Поскольку мне не стыдно, и оправдываться не за что, то и получается, что мне просто весело написать такую вот книгу. Или, точнее, рассказать её тебе.
В доказательство Адепт радостно заухал и смачно затянулся.
— То есть ты ощущаешь некую несправедливость, и таким образом хочешь её исправить?
— А что, неплохой способ. Я-то эту кухню знаю целиком, до нюансов. В ней работает множество людей, которые не хуже и не лучше тех, кто в порно не работает. А многие из них — значительно лучше. Так почему к ним должно быть такое отношение, основанное на идиотских слухах? Поэтому я их описал такими, какие они есть, а не пытался их оправдывать или украшать.
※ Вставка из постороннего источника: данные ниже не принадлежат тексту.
lemma rq_shift_bound:
  assumes A: "A \<in> carrier_mat n n" and M: "pos_def n M"
    and x0: "x0 \<in> carrier_vec n" "x0 \<noteq> 0\<^sub>v n" and x: "x \<in> carrier_vec n" "x \<noteq> 0\<^sub>v n"
    and E: "Re (ip x ((A - of_real l \<cdot>\<^sub>m M) *\<^sub>v x)) \<le> C * Re (ip x0 ((A - of_real l \<cdot>\<^sub>m M) *\<^sub>v x0))"
  shows "rq A M x - l \<le> C * ((mnorm M x0)\<^sup>2 / (mnorm M x)\<^sup>2) * (rq A M x0 - l)"
proof -
  have Mc: "M \<in> carrier_mat n n" using pos_def_carrier[OF M] .
  have N: "Re (ip y (M *\<^sub>v y)) > 0" if "y \<in> carrier_vec n" "y \<noteq> 0\<^sub>v n" for y
    using M that unfolding pos_def_def by auto
  have rq: "rq A M y - l = Re (ip y ((A - of_real l \<cdot>\<^sub>m M) *\<^sub>v y)) / Re (ip y (M *\<^sub>v y))"
    and mn: "(mnorm M y)\<^sup>2 = Re (ip y (M *\<^sub>v y))" if "y \<in> carrier_vec n" "y \<noteq> 0\<^sub>v n" for y
    using N[OF that] that A Mc
    by (simp_all add: rq_def mnorm_def diff_smult_mat_mult_vec ip_minus_right[of _ n] ip_smult_right[of _ n]
        field_simps)
  show ?thesis
    unfolding rq[OF x] rq[OF x0] mn[OF x] mn[OF x0]
    using E N[OF x] N[OF x0] by (simp add: field_simps divide_right_mono)
qed

theorem theorem2p2:
  fixes n :: nat and A M T :: "complex mat" and lam :: "nat \<Rightarrow> real"
    and \<sigma> :: real and x0 :: "complex vec" and i :: nat
  assumes herA: "hermitian n A"
    and pdM: "pos_def n M"
    and eig: "\<forall>t::complex. det (A - t \<cdot>\<^sub>m M) = det M * (\<Prod>j=1..n. (complex_of_real (lam j) - t))"
    and two: "2 \<le> n"
    and gap: "lam 1 < lam 2"
    and sorted: "\<forall>j k. 1 \<le> j \<longrightarrow> j \<le> k \<longrightarrow> k \<le> n \<longrightarrow> lam j \<le> lam k"
    and sig: "\<sigma> < lam 1"
    and pdT: "pos_def n T"
    and x0: "x0 \<in> carrier_vec n"
    and not_eigvec: "\<not> (x0 \<noteq> 0\<^sub>v n \<and> A *\<^sub>v x0 = complex_of_real (lam 1) \<cdot>\<^sub>v (M *\<^sub>v x0))"
    and not_Morth: "\<not> (\<forall>v \<in> carrier_vec n. A *\<^sub>v v = complex_of_real (lam 1) \<cdot>\<^sub>v (M *\<^sub>v v)
                         \<longrightarrow> ip v (M *\<^sub>v x0) = 0)"
    and defined: "\<forall>j<i. pcg_gamma (A - complex_of_real (lam 1) \<cdot>\<^sub>m M) T x0 j \<noteq> 0 \<and>
          ip ((A - complex_of_real (lam 1) \<cdot>\<^sub>m M) *\<^sub>v pcg_p (A - complex_of_real (lam 1) \<cdot>\<^sub>m M) T x0 j)
             (pcg_p (A - complex_of_real (lam 1) \<cdot>\<^sub>m M) T x0 j) \<noteq> 0"
    and xi_nz: "pcg_x (A - complex_of_real (lam 1) \<cdot>\<^sub>m M) T x0 i \<noteq> 0\<^sub>v n"
  shows
    "let Al = A - complex_of_real (lam 1) \<cdot>\<^sub>m M;
         As = A - complex_of_real \<sigma> \<cdot>\<^sub>m M;
         S = msqrt n T;
         \<kappa> = cond2 (S * As * S);
         \<eta> = \<kappa> * ((lam n - lam 1) * (lam 2 - \<sigma>)) / ((lam 2 - lam 1) * (lam n - \<sigma>));
         \<phi> = (\<eta> + 1) / (\<eta> - 1);
         xi = pcg_x Al T x0 i
     in rq A M xi - lam 1 \<le>
          inverse ((cheb i \<phi>)\<^sup>2) * ((mnorm M x0)\<^sup>2 / (mnorm M xi)\<^sup>2) * (rq A M x0 - lam 1)"
proof -
  define Al where "Al = A - complex_of_real (lam 1) \<cdot>\<^sub>m M"
  define xi where "xi = pcg_x Al T x0 i"
  have Alh: "hermitian n Al"
    unfolding Al_def by (rule hermitian_diff_smult[OF herA pos_def_hermitian[OF pdM]])
  obtain Si where S: "hermitian n (msqrt n T)" "hermitian n Si" "msqrt n T * Si = 1\<^sub>m n" "Si * msqrt n T = 1\<^sub>m n"
    and Ti: "pos_def n (Si * Si)" and TTi: "T * (Si * Si) = 1\<^sub>m n"
    using msqrt_inverse_exists[OF pdT] by metis
  obtain v \<mu> where p: "pencil_basis n Al (Si * Si) v \<mu>" using pencil_basis_exists[OF Alh Ti] by blast
  obtain a b where ab: "0 < a" "a \<le> b"
    and \<eta>: "b / a = cond2 (msqrt n T * (A - complex_of_real \<sigma> \<cdot>\<^sub>m M) * msqrt n T) *
       ((lam n - lam 1) * (lam 2 - \<sigma>)) / ((lam 2 - lam 1) * (lam n - \<sigma>))"
    and spec: "\<And>k. k < n \<Longrightarrow> 0 \<le> \<mu> k \<and> (\<mu> k \<noteq> 0 \<longrightarrow> a \<le> \<mu> k \<and> \<mu> k \<le> b)"
    using preconditioned_spectrum_bounds[OF herA pdM eig two gap sorted sig S Ti p[unfolded Al_def]] by blast
  have psd: "\<And>x. x \<in> carrier_vec n \<Longrightarrow> Re (ip x (Al *\<^sub>v x)) \<ge> 0"
    using pencil_basis_nonneg[OF p hermitian_carrier[OF Alh] pos_def_carrier[OF Ti]] spec by blast
  have E: "Re (ip xi (Al *\<^sub>v xi)) \<le> inverse ((cheb i ((b / a + 1) / (b / a - 1)))\<^sup>2) * Re (ip x0 (Al *\<^sub>v x0))"
    unfolding xi_def using defined
    by (intro pcg_energy_cheb_bound[OF Alh pos_def_hermitian[OF pdT] pos_def_carrier[OF Ti] TTi x0 p _ psd ab spec])
      (simp add: pcg_defined_def Al_def)
  txt \<open>Hypothesis \<open>not_Morth\<close> is only needed to exclude \<open>x0 = 0\<close>.\<close>
  have x0_nz: "x0 \<noteq> 0\<^sub>v n"
    using not_Morth pos_def_carrier[OF pdM] by (auto simp: mult_mat_vec_zero ip_zero_right)
  have xi: "xi \<in> carrier_vec n" "xi \<noteq> 0\<^sub>v n"
    using pcg_run.x_carrier[OF pcg_run.intro[OF Alh pos_def_hermitian[OF pdT] x0]] xi_nz
    unfolding xi_def Al_def by auto
  show ?thesis
    unfolding Let_def \<eta>[symmetric] xi_def[symmetric] Al_def[symmetric]
    using rq_shift_bound[OF hermitian_carrier[OF herA] pdM x0 x0_nz xi E[unfolded Al_def]] .
qed

end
Конечно, не все из них обрадуются этой книге. Кому-то она напомнит о том, чего вспоминать не хотелось бы. Мне стоит извиниться за это — так и напиши, пожалуйста. Мол, я прошу извинить меня, но вы же понимаете — оно того стоило. Тем более, что все рассказывается в ироничном ключе, и сам из себя я красавчика не делаю — во многих случаях я такой же говнюк и мерзавец, какими, возможно, описал многих действующих лиц. Сарказм хорош, потому что он заставляет посмеиваться, а не возмущаться.
Мы снова углубились в табачное смакование. Постепенно я пришел к выводу, что Адепт абсолютно и окончательно прав — нахер все эти блокбастардские финальные сказки. Неужели читатель еще не наелся натужно высосанными из пальца клише? Они теребят эмоции и способствуют продажам, но где в них жизнь? Она остается за экзистенциальным бортом, порождая тоску по выдуманному бытию нереальных лиц и неуловимых силуэтов. А он — Адепт — живой, ощутимый, сидит рядом и откровенно прется от процесса курения, как перся еще совсем недавно от съемок самого потаенного из жанров киноиндустрии, о котором принято говорить лишь в кругу близких друзей, да и то с ухмылками и латентным чувством стыда. Зачем делать из него клоуна, и тащить его в джунгли?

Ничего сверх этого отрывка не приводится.